The actors are better than the material, clearly. Streep is her generation’s finest actress but she tries too hard to convince you of the great girl-power fun she’s having. The singing, on the other hand, is all over the map. Streep and Seyfried have the strongest voices of the bunch, which is good considering they also have the most musical numbers to sing and twirl to. Neither has a particularly sensational voice but then again they certainly distance themselves from their pitiful peers. Most of the other actors just have droning vocals but Brosnan, oh boy, I have to congratulate the man for having the courage he does. You feel embarrassed for the guy; I mean this is James Bond here. I found myself turning away whenever he opened his mouth, not wanting to look the man in the eye. Every time he started singing my theater crowd of Mamma Mia faithful began snickering and giggling. I almost feel so bad that I should send the guy a card saying, “Sorry about the singing, but hey, you’ll always have the paycheck.”

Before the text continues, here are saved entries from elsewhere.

(* In the setting described in the context, assume the Lie differential operator $\pounds_\xi$ commutes with the contraction operator $S$, i.e. $\pounds_\xi\big(S(dx^i\otimes\partial_j)\big)=S\big(\pounds_\xi(dx^i\otimes\partial_j)\big)$ for all $i,j$ and all vector fields $\xi$. Then $\pounds_\xi dx^i=k^i{}_j(\xi)\,dx^j$ with $$k^i{}_j(\xi)=f_j{}^l\,\partial_l\xi^k\,f^i{}_k+f_j{}^l\,(\partial_kf^i{}_l)\,\xi^k .$$ If moreover $S$ commutes with the covariant differential operator $\nabla$, then $$\pounds_\xi dx^i=\Big[f^i{}_k\,\partial_l\xi^k\,f_j{}^l+\big(P^i_{jk}+f_j{}^l\,\Gamma^m_{lk}\,f^i{}_m\big)\xi^k\Big]dx^j,\qquad \pounds_{\partial_k}dx^i=\big(P^i_{jk}+f_j{}^l\,\Gamma^m_{lk}\,f^i{}_m\big)dx^j .$$
   Context: $M$ is a smooth $n$-manifold with a covariant differential operator $\nabla$ acting on vector fields via a contravariant affine connection $\Gamma$ ($\nabla_{\partial_j}\partial_i=\Gamma^k_{ij}\partial_k$) and on 1-forms via a covariant affine connection $P$ ($\nabla_{\partial_j}dx^i=P^i_{kj}dx^k$), extended to tensors by the Leibniz rule. A contraction operator $S$ (nondegenerate $C^\infty$-bilinear pairing of vector fields and 1-forms, extended to tensor products) has $S(\partial_j,dx^i)=f^i{}_j$ with $\det(f^i{}_j)\ne0$; $f_j{}^i$ denotes the inverse matrix functions, $f^i{}_kf_j{}^k=\delta^i_j$, $f^k{}_if_k{}^j=\delta^j_i$. The Lie differential operator $\pounds_\xi$ acts on functions by $\pounds_\xi f=\xi f$, on vector fields by $\pounds_\xi u=[\xi,u]$ (so $\pounds_\xi\partial_i=-\partial_i\xi^j\,\partial_j$), is linear and satisfies the Leibniz rule on tensor products, and acts on 1-forms by $\pounds_\xi dx^i=k^i{}_j(\xi)dx^j$ for some functions $k^i{}_j(\xi)$ to be determined. *)

theory Defs
  imports "HOL-Analysis.Analysis"
begin

text \<open>Local coordinate model on an open chart domain U of real^'n.  A vector field u = u^c d_c is given
  by its components (u c), a 1-form w = w_a dx^a by its components (w a), and a
  tensor in the span of the dx^a (x) d_b by its components (T a b).\<close>

type_synonym 'n fn = "real^'n \<Rightarrow> real"
(* Let $\ell\ge2$, $\rho\in(-\frac{1}{\ell-1},1)$, $m\in\{2,\dots,\ell\}$ and $\gamma>0$. Let $X=(X_1,\dots,X_\ell)^T$ be zero-mean Gaussian with covariance matrix having all diagonal entries $1$ and all off-diagonal entries $\rho$. Let $M$ be the $m\times m$ matrix with diagonal entries $m-1$ and off-diagonal entries $-1$. For each $m$-subset $\mathcal{S}=\{i_1<\dots<i_m\}$ of $\{1,\dots,\ell\}$ define \[ (U^-_{\mathcal{S},1}(\gamma),\dots,U^-_{\mathcal{S},m}(\gamma))^T=M(X_{i_1},\dots,X_{i_m})^T+\sqrt{\gamma}\,(N^-_{\mathcal{S},1},\dots,N^-_{\mathcal{S},m})^T, \] where each $(N^-_{\mathcal{S},1},\dots,N^-_{\mathcal{S},m})^T$ is a zero-mean Gaussian vector with covariance matrix $M$, and $X$ and these noise vectors (over all $m$-subsets $\mathcal{S}$) are mutually independent. Then the error covariance matrix $\mathbb{E}[(X-\mathbb{E}[X|\omega])(X-\mathbb{E}[X|\omega])^T]$, where $\omega=(U^-_{\mathcal{S},j}(\gamma): j=1,\dots,m,\ |\mathcal{S}|=m)$, has all diagonal entries equal to \[ d^-(\gamma)= 1-\frac{\binom{\ell-2}{m-2}(\ell-1)(1-\rho)^2}{\gamma+\binom{\ell-2}{m-2}\ell(1-\rho)} \] and all off-diagonal entries equal to \[ \theta^-(\gamma)=\rho+\frac{\binom{\ell-2}{m-2}(1-\rho)^2}{\gamma+\binom{\ell-2}{m-2}\ell(1-\rho)}. \] *)

theory Defs
  imports "HOL-Probability.Probability"
begin

text \<open>A random vector Y (components Y w i, i in I, I finite) is zero-mean Gaussian with
  covariance matrix C (possibly singular), defined via its characteristic function:
  E[exp(i * sum_i t_i Y_i)] = exp(-(t^T C t)/2) for all t.\<close>
definition gaussian_vec ::
  "'a measure \<Rightarrow> nat set \<Rightarrow> ('a \<Rightarrow> nat \<Rightarrow> real) \<Rightarrow> (nat \<Rightarrow> nat \<Rightarrow> real) \<Rightarrow> bool" where
  "gaussian_vec P I Y C \<longleftrightarrow>
     (\<forall>i\<in>I. (\<lambda>w. Y w i) \<in> borel_measurable P) \<and>
     (\<forall>t::nat \<Rightarrow> real.
        (CLINT w|P. iexp (\<Sum>i\<in>I. t i * Y w i))
          = complex_of_real (exp (- (\<Sum>i\<in>I. \<Sum>j\<in>I. t i * C i j * t j) / 2)))"

definition gen_sigma :: "'a measure \<Rightarrow> ('b \<Rightarrow> 'a \<Rightarrow> real) \<Rightarrow> 'b set \<Rightarrow> 'a measure" where
  "gen_sigma P f K =
     sigma (space P) {f k -` B \<inter> space P | k B. k \<in> K \<and> B \<in> sets (borel :: real measure)}"

definition Mmat :: "nat \<Rightarrow> nat \<Rightarrow> nat \<Rightarrow> real" where
  "Mmat m j k = (if j = k then real m - 1 else -1)"

definition elem_of :: "nat set \<Rightarrow> nat \<Rightarrow> nat" where
  "elem_of S j = sorted_list_of_set S ! j"

end

theory Submission
  imports Defs
begin

(* The vector X and the noise vectors N_S are independent and Gaussian, so every linear
   combination of their components is a centred Gaussian variable whose variance is the quadratic
   form of the block-diagonal covariance matrix.  Let Xhat_i be alpha times the sum of the
   observations U_{S,j} in which X_i enters with weight m - 1, where
   alpha = (1 - rho) / ((1 - rho) binom(l-2, m-2) l + gamma).  This choice of alpha makes the
   residual X_i - Xhat_i uncorrelated with every observation.  For jointly Gaussian variables the
   joint characteristic function then factorises, and the multivariate Levy uniqueness theorem
   (derived here from the one-dimensional one) shows that the residual is independent of all
   observations.  Hence Xhat_i is the conditional expectation, the error covariance matrix is the
   covariance matrix of the residuals, and counting the m-subsets that contain one or two given
   indices yields the stated entries. *)

section \<open>Characteristic functions determine joint laws\<close>

lemma iexp_add: "iexp (u + v) = iexp u * iexp v"
  by (simp add: distrib_left exp_add)

lemma iexp_sum: "finite A \<Longrightarrow> iexp (\<Sum>x\<in>A. f x) = (\<Prod>x\<in>A. iexp (f x))"
  by (simp add: sum_distrib_left exp_sum)

lemma
  fixes h :: "'q \<times> bool \<Rightarrow> 'b::{banach,second_countable_topology}"
  assumes Q: "prob_space Q" and h: "h \<in> borel_measurable (Q \<Otimes>\<^sub>M count_space UNIV)"
    and h_bounded: "\<And>z. norm (h z) \<le> C"
  shows integrable_pair_count_space_bool: "integrable (Q \<Otimes>\<^sub>M count_space UNIV) h"
    and integral_pair_count_space_bool:
      "integral\<^sup>L (Q \<Otimes>\<^sub>M count_space UNIV) h = (\<integral>x. h (x, True) \<partial>Q) + (\<integral>x. h (x, False) \<partial>Q)"
proof -
  interpret Q: prob_space Q by fact
  interpret B: finite_measure "count_space (UNIV :: bool set)" by (rule finite_measure_count_space) simp
  interpret pair_sigma_finite Q "count_space (UNIV :: bool set)" ..
  interpret QB: finite_measure "Q \<Otimes>\<^sub>M count_space (UNIV :: bool set)"
    by (rule finite_measure_pair_measure) unfold_locales
  have [measurable]: "(\<lambda>x. h (x, b)) \<in> borel_measurable Q" for b
    using h by measurable
  show "integrable (Q \<Otimes>\<^sub>M count_space UNIV) h"
    by (rule QB.integrable_const_bound[where B=C]) (use h_bounded h in auto)
  then have "integral\<^sup>L (Q \<Otimes>\<^sub>M count_space UNIV) h = (\<integral>x. (\<integral>b. h (x, b) \<partial>count_space UNIV) \<partial>Q)"
    by (simp add: integral_fst')
  also have "\<dots> = (\<integral>x. h (x, True) + h (x, False) \<partial>Q)"
    by (simp add: lebesgue_integral_count_space_finite UNIV_bool add.commute)
  also have "\<dots> = (\<integral>x. h (x, True) \<partial>Q) + (\<integral>x. h (x, False) \<partial>Q)"
    by (intro Bochner_Integration.integral_add Q.integrable_const_bound[where B=C])
       (auto simp: h_bounded)
  finally show "integral\<^sup>L (Q \<Otimes>\<^sub>M count_space UNIV) h = (\<integral>x. h (x, True) \<partial>Q) + (\<integral>x. h (x, False) \<partial>Q)" .
qed
lemma exists_CBD_piece:
  assumes q_gt1: "1 < q"
    and bound: "\<And>x. x \<in> cube q n \<Longrightarrow> \<mu> x \<le> real q powr t"
    and mR: "real q powr (- t) < dens_measure q n \<mu> R"
  shows "\<exists>S\<subseteq>R. S \<noteq> {} \<and> 0 < dens_measure q n \<mu> S \<and> is_CBD q n (10 * t) (cond_dist q n \<mu> S)"
proof -
  define F where "F = {K. K \<subseteq> {..<n} \<and> (\<exists>\<beta>. heavy_fiber R K \<beta>)}"
  have "finite F"
    unfolding F_def by (rule finite_subset[of _ "Pow {..<n}"]) auto
  moreover have "{} \<in> F"
    unfolding F_def using heavy_fiber_empty_coords by blast
  ultimately have "Max (card ` F) \<in> card ` F"
    by (intro Max_in) auto
  then obtain I where "I \<in> F" and "card I = Max (card ` F)"
    by auto
  with \<open>finite F\<close> have maximal: "\<And>K. K \<in> F \<Longrightarrow> card K \<le> card I"
    by simp
  from \<open>I \<in> F\<close> obtain \<alpha> where I: "I \<subseteq> {..<n}" and heavy: "heavy_fiber R I \<alpha>"
    unfolding F_def by auto
  have "0 < real q powr (- t)"
    using q_pos by simp
  then have mR_pos: "0 < dens_measure q n \<mu> R"
    using mR by linarith
  have cI: "real (card I) \<le> 10 * t"
    using card_heavy_fiber_le[OF q_gt1 bound I mR heavy] .
  have "0 < real q powr (- 0.8 * real (card I)) * dens_measure q n \<mu> R"
    using q_pos mR_pos by simp
  then have "0 < dens_measure q n \<mu> (fiber R I \<alpha>)"
    using heavy unfolding heavy_fiber_def by linarith
  moreover from this have "fiber R I \<alpha> \<noteq> {}"
    by (auto simp: dens_measure_def)
  moreover have "is_CBD q n (10 * t) (cond_dist q n \<mu> (fiber R I \<alpha>))"
    by (rule is_CBD_maximal_heavy_fiber[OF mR_pos I cI heavy]) (use maximal in \<open>auto simp: F_def\<close>)
  ultimately show ?thesis
    using fiber_subset[of R I \<alpha>] by blast
qed

end

lemma greedy_partition:
  assumes "finite R"
    and step: "\<And>R. \<not> small R \<Longrightarrow> \<exists>S\<subseteq>R. S \<noteq> {} \<and> good S"
  shows "\<exists>(N::nat) S E. (\<Union>i<N. S i) \<union> E = R
           \<and> (\<forall>i<N. \<forall>j<N. i \<noteq> j \<longrightarrow> S i \<inter> S j = {})
           \<and> (\<forall>i<N. S i \<inter> E = {})
           \<and> (\<forall>i<N. good (S i))
           \<and> small E"
  using assms(1)
proof (induction "card R" arbitrary: R rule: less_induct)
  case less
  show ?case
  proof (cases "small R")
    case True
    then show ?thesis
      by (intro exI[of _ 0] exI[of _ "\<lambda>_. {}"] exI[of _ R]) simp
  next
    case False
    then obtain S1 where S1: "S1 \<subseteq> R" "S1 \<noteq> {}" "good S1"
      using step by blast
    then have "card (R - S1) < card R"
      using less.prems by (intro psubset_card_mono) auto
    from less.hyps[OF this finite_Diff[OF less.prems]]
    obtain N :: nat and S E where U: "(\<Union>i<N. S i) \<union> E = R - S1"
      and disj: "\<forall>i<N. \<forall>j<N. i \<noteq> j \<longrightarrow> S i \<inter> S j = {}" "\<forall>i<N. S i \<inter> E = {}"
      and good: "\<forall>i<N. good (S i)" and "small E"
      by (elim exE conjE) (rule that)
    let ?S = "S(N := S1)"
    have "(\<Union>i<Suc N. ?S i) = (\<Union>i<N. S i) \<union> S1"
      by (auto simp: lessThan_Suc)
    then have "(\<Union>i<Suc N. ?S i) \<union> E = R"
      using U S1 by auto
    moreover have "?S i \<inter> ?S j = {}" if "i < Suc N" "j < Suc N" "i \<noteq> j" for i j
      using that U disj by (auto simp: less_Suc_eq)
    moreover have "?S i \<inter> E = {}" "good (?S i)" if "i < Suc N" for i
      using that U disj good S1 by (auto simp: less_Suc_eq)
    ultimately show ?thesis
      using \<open>small E\<close> by (intro exI[of _ "Suc N"] exI[of _ ?S] exI[of _ E]) blast
  qed
qed

lemma density_le_of_dens_Hinf:
  assumes "0 < q" and "x \<in> cube q n"
    and hinf: "dens_Hinf q n \<mu> \<ge> (real n - t) * log 2 (real q)"
  shows "\<mu> x \<le> real q powr t"
proof (cases "0 < \<mu> x")
  case False
  then show ?thesis
    using powr_ge_zero[of "real q" t] by linarith
next
  case True
  have "dens_Hinf q n \<mu> \<le> log 2 (real q ^ n / \<mu> x)"
    unfolding dens_Hinf_def by (rule Min_le) (use assms True in auto)
  with hinf have "log 2 (real q powr (real n - t)) \<le> log 2 (real q ^ n / \<mu> x)"
    using assms by (simp add: log_powr)
  then have "real q powr (real n - t) \<le> real q ^ n / \<mu> x"
    using True assms by (subst (asm) log_le_cancel_iff) auto
  then have "\<mu> x * real q powr (real n - t) \<le> real q powr t * real q powr (real n - t)"
    using True assms by (simp add: field_simps powr_add[symmetric] powr_realpow)
  then show ?thesis
    using assms by simp
qed

theorem lemma6p1:
  fixes q n :: nat and t :: real and \<mu> :: "(nat \<Rightarrow> nat) \<Rightarrow> real"
  assumes "q \<ge> 2"
    and "is_density q n \<mu>"
    and "dens_Hinf q n \<mu> \<ge> (real n - t) * log 2 (real q)"
  shows "\<exists>(N::nat) (S :: nat \<Rightarrow> (nat \<Rightarrow> nat) set) Serr.
           (\<Union>i<N. S i) \<union> Serr = cube q n
         \<and> (\<forall>i<N. \<forall>j<N. i \<noteq> j \<longrightarrow> S i \<inter> S j = {})
         \<and> (\<forall>i<N. S i \<inter> Serr = {})
         \<and> (\<forall>i<N. 0 < dens_measure q n \<mu> (S i)
                  \<and> is_CBD q n (10 * t) (cond_dist q n \<mu> (S i)))
         \<and> dens_measure q n \<mu> Serr \<le> real q powr (- t)"
proof -
  have q: "0 < q" "1 < q"
    using assms(1) by auto
  have nonneg: "\<And>x. x \<in> cube q n \<Longrightarrow> 0 \<le> \<mu> x"
    using assms(2) by (simp add: is_density_def)
  have bound: "\<And>x. x \<in> cube q n \<Longrightarrow> \<mu> x \<le> real q powr t"
    using density_le_of_dens_Hinf[OF q(1) _ assms(3)] .
  show ?thesis
  proof (rule greedy_partition[where small = "\<lambda>E. dens_measure q n \<mu> E \<le> real q powr (- t)"
        and good = "\<lambda>S. 0 < dens_measure q n \<mu> S \<and> is_CBD q n (10 * t) (cond_dist q n \<mu> S)"])
    fix R :: "(nat \<Rightarrow> nat) set"
    assume "\<not> dens_measure q n \<mu> R \<le> real q powr (- t)"
    then have "real q powr (- t) < dens_measure q n \<mu> R"
      by simp
    then show "\<exists>S\<subseteq>R. S \<noteq> {} \<and> 0 < dens_measure q n \<mu> S \<and> is_CBD q n (10 * t) (cond_dist q n \<mu> S)"
      using exists_CBD_piece[of q n \<mu> t R] q nonneg bound by blast
  qed (rule finite_cube)
qed

end
lemma quadratic_form_le_of_unit_sphere:
  fixes A :: "real mat"
  assumes A: "A \<in> carrier_mat n n"
    and unit: "\<And>y. y \<in> carrier_vec n \<Longrightarrow> y \<bullet> y = 1 \<Longrightarrow> y \<bullet> (A *\<^sub>v y) \<le> c"
    and x: "x \<in> carrier_vec n"
  shows "x \<bullet> (A *\<^sub>v x) \<le> c * (x \<bullet> x)"
proof (cases "x = 0\<^sub>v n")
  case True
  with A show ?thesis by simp
next
  case False
  with x have pos: "x \<bullet> x > 0"
    using scalar_prod_self_nonneg[of x] scalar_prod_self_eq_0_iff[OF x] by linarith
  define r where "r = 1 / sqrt (x \<bullet> x)"
  have r2: "r * r = 1 / (x \<bullet> x)"
    using pos by (simp add: r_def)
  have "(x \<bullet> (A *\<^sub>v x)) / (x \<bullet> x) = (r \<cdot>\<^sub>v x) \<bullet> (A *\<^sub>v (r \<cdot>\<^sub>v x))"
    using A x by (simp add: mult_mat_vec[OF A x] r2 flip: mult.assoc)
  also have "\<dots> \<le> c"
    using x pos by (intro unit) (auto simp: r2 simp flip: mult.assoc)
  finally show ?thesis
    using pos by (simp add: pos_divide_le_eq)
qed

lemma symmetric_form_maximizer_eigenvector:
  fixes A :: "real mat"
  assumes A: "A \<in> carrier_mat n n" "transpose_mat A = A"
    and bound: "\<And>y. y \<in> carrier_vec n \<Longrightarrow> y \<bullet> (A *\<^sub>v y) \<le> c * (y \<bullet> y)"
    and x: "x \<in> carrier_vec n" and attained: "x \<bullet> (A *\<^sub>v x) = c * (x \<bullet> x)"
  shows "A *\<^sub>v x = c \<cdot>\<^sub>v x"
proof -
  \<comment> \<open>Moving x along the residual y raises x.Ax - c x.x by 2 t |y|^2 to first order.\<close>
  define y where "y = A *\<^sub>v x - c \<cdot>\<^sub>v x"
  have y: "y \<in> carrier_vec n"
    using A x by (simp add: y_def)
  have yAx: "y \<bullet> (A *\<^sub>v x) = y \<bullet> y + c * (y \<bullet> x)"
    using A x y by (subst (2) y_def) (simp add: scalar_prod_minus_distrib[of _ n])
  have "2 * (y \<bullet> y) + t * (y \<bullet> (A *\<^sub>v y) - c * (y \<bullet> y)) \<le> 0" if "t > 0" for t
  proof -
    have "(x + t \<cdot>\<^sub>v y) \<bullet> (x + t \<cdot>\<^sub>v y) = x \<bullet> x + 2 * t * (y \<bullet> x) + t\<^sup>2 * (y \<bullet> y)"
      using quadratic_form_expand[of "1\<^sub>m n" n x y t] x y by simp
    then have "x \<bullet> (A *\<^sub>v x) + 2 * t * (y \<bullet> (A *\<^sub>v x)) + t\<^sup>2 * (y \<bullet> (A *\<^sub>v y))
        \<le> c * (x \<bullet> x + 2 * t * (y \<bullet> x) + t\<^sup>2 * (y \<bullet> y))"
      using bound[of "x + t \<cdot>\<^sub>v y"] quadratic_form_expand[OF A x y, of t] x y by simp
    then have "t * (2 * (y \<bullet> y) + t * (y \<bullet> (A *\<^sub>v y) - c * (y \<bullet> y))) \<le> 0"
      unfolding attained yAx by (simp add: power2_eq_square algebra_simps)
    with that show ?thesis
      by (simp add: mult_le_0_iff)
  qed
  then have "2 * (y \<bullet> y) \<le> 0"
    by (rule nonpos_of_perturbation_nonpos)
  then have "y = 0\<^sub>v n"
    using y scalar_prod_self_nonneg[of y] scalar_prod_self_eq_0_iff[OF y] by simp
  show ?thesis
  proof (rule eq_vecI)
    fix i assume "i < dim_vec (c \<cdot>\<^sub>v x)"
    with x have "i < n" by simp
    with \<open>y = 0\<^sub>v n\<close> A x show "(A *\<^sub>v x) $ i = (c \<cdot>\<^sub>v x) $ i"
      using arg_cong[OF y_def, of "\<lambda>v. v $ i"] by simp
  qed (use A x in simp)
qed

lemma finite_cspec: "A \<in> carrier_mat n n \<Longrightarrow> finite (cspec A)"
  using card_finite_spectrum(1)[of "map_mat complex_of_real A" n] by (simp add: cspec_def)

lemma real_eigenvalue_in_cspec:
  assumes "A \<in> carrier_mat n n" "eigenvalue A c"
  shows "complex_of_real c \<in> cspec A"
  using of_real_hom.eigenvalue_hom[OF assms] unfolding cspec_def spectrum_def by simp

lemma cspec_real_eigenvector_pair:
  fixes A :: "real mat"
  assumes A: "A \<in> carrier_mat n n" and l: "l \<in> cspec A"
  obtains a b where "a \<in> carrier_vec n" "b \<in> carrier_vec n" "a \<bullet> a + b \<bullet> b > 0"
    "A *\<^sub>v a = Re l \<cdot>\<^sub>v a - Im l \<cdot>\<^sub>v b" "A *\<^sub>v b = Im l \<cdot>\<^sub>v a + Re l \<cdot>\<^sub>v b"
proof -
  obtain v where v: "v \<in> carrier_vec n" and "v \<noteq> 0\<^sub>v n"
    and ev: "map_mat complex_of_real A *\<^sub>v v = l \<cdot>\<^sub>v v"
    using l A unfolding cspec_def spectrum_def eigenvalue_def eigenvector_def by auto
  define a where "a = map_vec Re v"
  define b where "b = map_vec Im v"
  have a: "a \<in> carrier_vec n" and b: "b \<in> carrier_vec n"
    using v by (auto simp: a_def b_def)
  have row: "(\<Sum>j=0..<n. complex_of_real (A $$ (i, j)) * v $ j) = l * v $ i" if "i < n" for i
    using arg_cong[OF ev, of "\<lambda>w. w $ i"] that A v by (simp add: scalar_prod_def row_def)
  have "A *\<^sub>v a = Re l \<cdot>\<^sub>v a - Im l \<cdot>\<^sub>v b"
  proof (rule eq_vecI)
    fix i assume "i < dim_vec (Re l \<cdot>\<^sub>v a - Im l \<cdot>\<^sub>v b)"
    with b have i: "i < n" by simp
    from arg_cong[OF row[OF i], of Re]
    show "(A *\<^sub>v a) $ i = (Re l \<cdot>\<^sub>v a - Im l \<cdot>\<^sub>v b) $ i"
      using i A v by (simp add: a_def b_def scalar_prod_def row_def Re_sum)
  qed (use A b in simp)
  moreover have "A *\<^sub>v b = Im l \<cdot>\<^sub>v a + Re l \<cdot>\<^sub>v b"
  proof (rule eq_vecI)
    fix i assume "i < dim_vec (Im l \<cdot>\<^sub>v a + Re l \<cdot>\<^sub>v b)"
    with b have i: "i < n" by simp
    from arg_cong[OF row[OF i], of Im]
    show "(A *\<^sub>v b) $ i = (Im l \<cdot>\<^sub>v a + Re l \<cdot>\<^sub>v b) $ i"
      using i A v by (simp add: a_def b_def scalar_prod_def row_def Im_sum)
  qed (use A b in simp)
  moreover have "a \<bullet> a + b \<bullet> b > 0"
  proof (rule ccontr)
    assume "\<not> a \<bullet> a + b \<bullet> b > 0"
    then have "a = 0\<^sub>v n" "b = 0\<^sub>v n"
      using scalar_prod_self_nonneg[of a] scalar_prod_self_nonneg[of b]
        scalar_prod_self_eq_0_iff[OF a] scalar_prod_self_eq_0_iff[OF b] by linarith+
    have "v $ i = 0" if "i < n" for i
    proof -
      have "Re (v $ i) = a $ i" "Im (v $ i) = b $ i"
        using that v by (simp_all add: a_def b_def)
      with \<open>a = 0\<^sub>v n\<close> \<open>b = 0\<^sub>v n\<close> that show ?thesis
        by (simp add: complex_eq_iff)
    qed
    with v have "v = 0\<^sub>v n"
      by (intro eq_vecI) auto
    with \<open>v \<noteq> 0\<^sub>v n\<close> show False ..
  qed
  ultimately show ?thesis
    using a b that by blast
qed

lemma rotation_pair_form_identity:
  fixes A Q :: "real mat"
  assumes Q: "Q \<in> carrier_mat n n" "transpose_mat Q = Q"
    and a: "a \<in> carrier_vec n" and b: "b \<in> carrier_vec n"
    and ea: "A *\<^sub>v a = \<alpha> \<cdot>\<^sub>v a - \<beta> \<cdot>\<^sub>v b" and eb: "A *\<^sub>v b = \<beta> \<cdot>\<^sub>v a + \<alpha> \<cdot>\<^sub>v b"
  shows "(Q *\<^sub>v a) \<bullet> (A *\<^sub>v a) + (Q *\<^sub>v b) \<bullet> (A *\<^sub>v b) = \<alpha> * (a \<bullet> (Q *\<^sub>v a) + b \<bullet> (Q *\<^sub>v b))"
proof -
  have Qa: "Q *\<^sub>v a \<in> carrier_vec n" and Qb: "Q *\<^sub>v b \<in> carrier_vec n"
    using Q a b by auto
  have "(Q *\<^sub>v a) \<bullet> (A *\<^sub>v a) = \<alpha> * (a \<bullet> (Q *\<^sub>v a)) - \<beta> * ((Q *\<^sub>v a) \<bullet> b)"
    unfolding ea using a b Qa comm_scalar_prod[OF Qa a]
    by (simp add: scalar_prod_minus_distrib[of _ n])
  moreover have "(Q *\<^sub>v b) \<bullet> (A *\<^sub>v b) = \<beta> * ((Q *\<^sub>v b) \<bullet> a) + \<alpha> * (b \<bullet> (Q *\<^sub>v b))"
    unfolding eb using a b Qb comm_scalar_prod[OF Qb b]
    by (simp add: scalar_prod_add_distrib[of _ n])
  moreover have "(Q *\<^sub>v b) \<bullet> a = (Q *\<^sub>v a) \<bullet> b"
    using transpose_vec_mult_scalar[OF Q(1) a b] comm_scalar_prod[OF b Qa] Q by simp
  ultimately show ?thesis
    by (simp add: algebra_simps)
qed

lemma Re_cspec_le_of_form_bound:
  fixes A :: "real mat"
  assumes A: "A \<in> carrier_mat n n"
    and bound: "\<And>x. x \<in> carrier_vec n \<Longrightarrow> x \<bullet> (A *\<^sub>v x) \<le> c * (x \<bullet> x)"
    and l: "l \<in> cspec A"
  shows "Re l \<le> c"
proof -
  obtain a b where a: "a \<in> carrier_vec n" and b: "b \<in> carrier_vec n" and pos: "a \<bullet> a + b \<bullet> b > 0"
    and ea: "A *\<^sub>v a = Re l \<cdot>\<^sub>v a - Im l \<cdot>\<^sub>v b" and eb: "A *\<^sub>v b = Im l \<cdot>\<^sub>v a + Re l \<cdot>\<^sub>v b"
    using cspec_real_eigenvector_pair[OF A l] .
  from rotation_pair_form_identity[where Q = "1\<^sub>m n", OF _ _ a b ea eb]
  have "Re l * (a \<bullet> a + b \<bullet> b) = a \<bullet> (A *\<^sub>v a) + b \<bullet> (A *\<^sub>v b)"
    using a b by simp
  also have "\<dots> \<le> c * (a \<bullet> a + b \<bullet> b)"
    using bound[OF a] bound[OF b] by (simp add: distrib_left)
  finally show ?thesis
    using pos by simp
qed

The real audience for a Mamma Mia movie is the fans of the Mamma Mia theatrical show, and the movie is tailored to their interests. The big screen version isn’t interested in converting new fans, hence the amateurish direction and disregard for reaching out for broader appeal. Mamma Mia the movie is pretty much a less zippy and ten times goofier version of the stage show except with bad singing. If that sounds like a fun evening out, then by all means enjoy. This is a mess of a movie and not a terribly good movie at that, and yet the power of those Abba songs will inject enough goodwill that you will forgive some of the movie’s transgressions. Some. Pierce Brosnan’s singing is something that cannot be forgiven nor forgotten.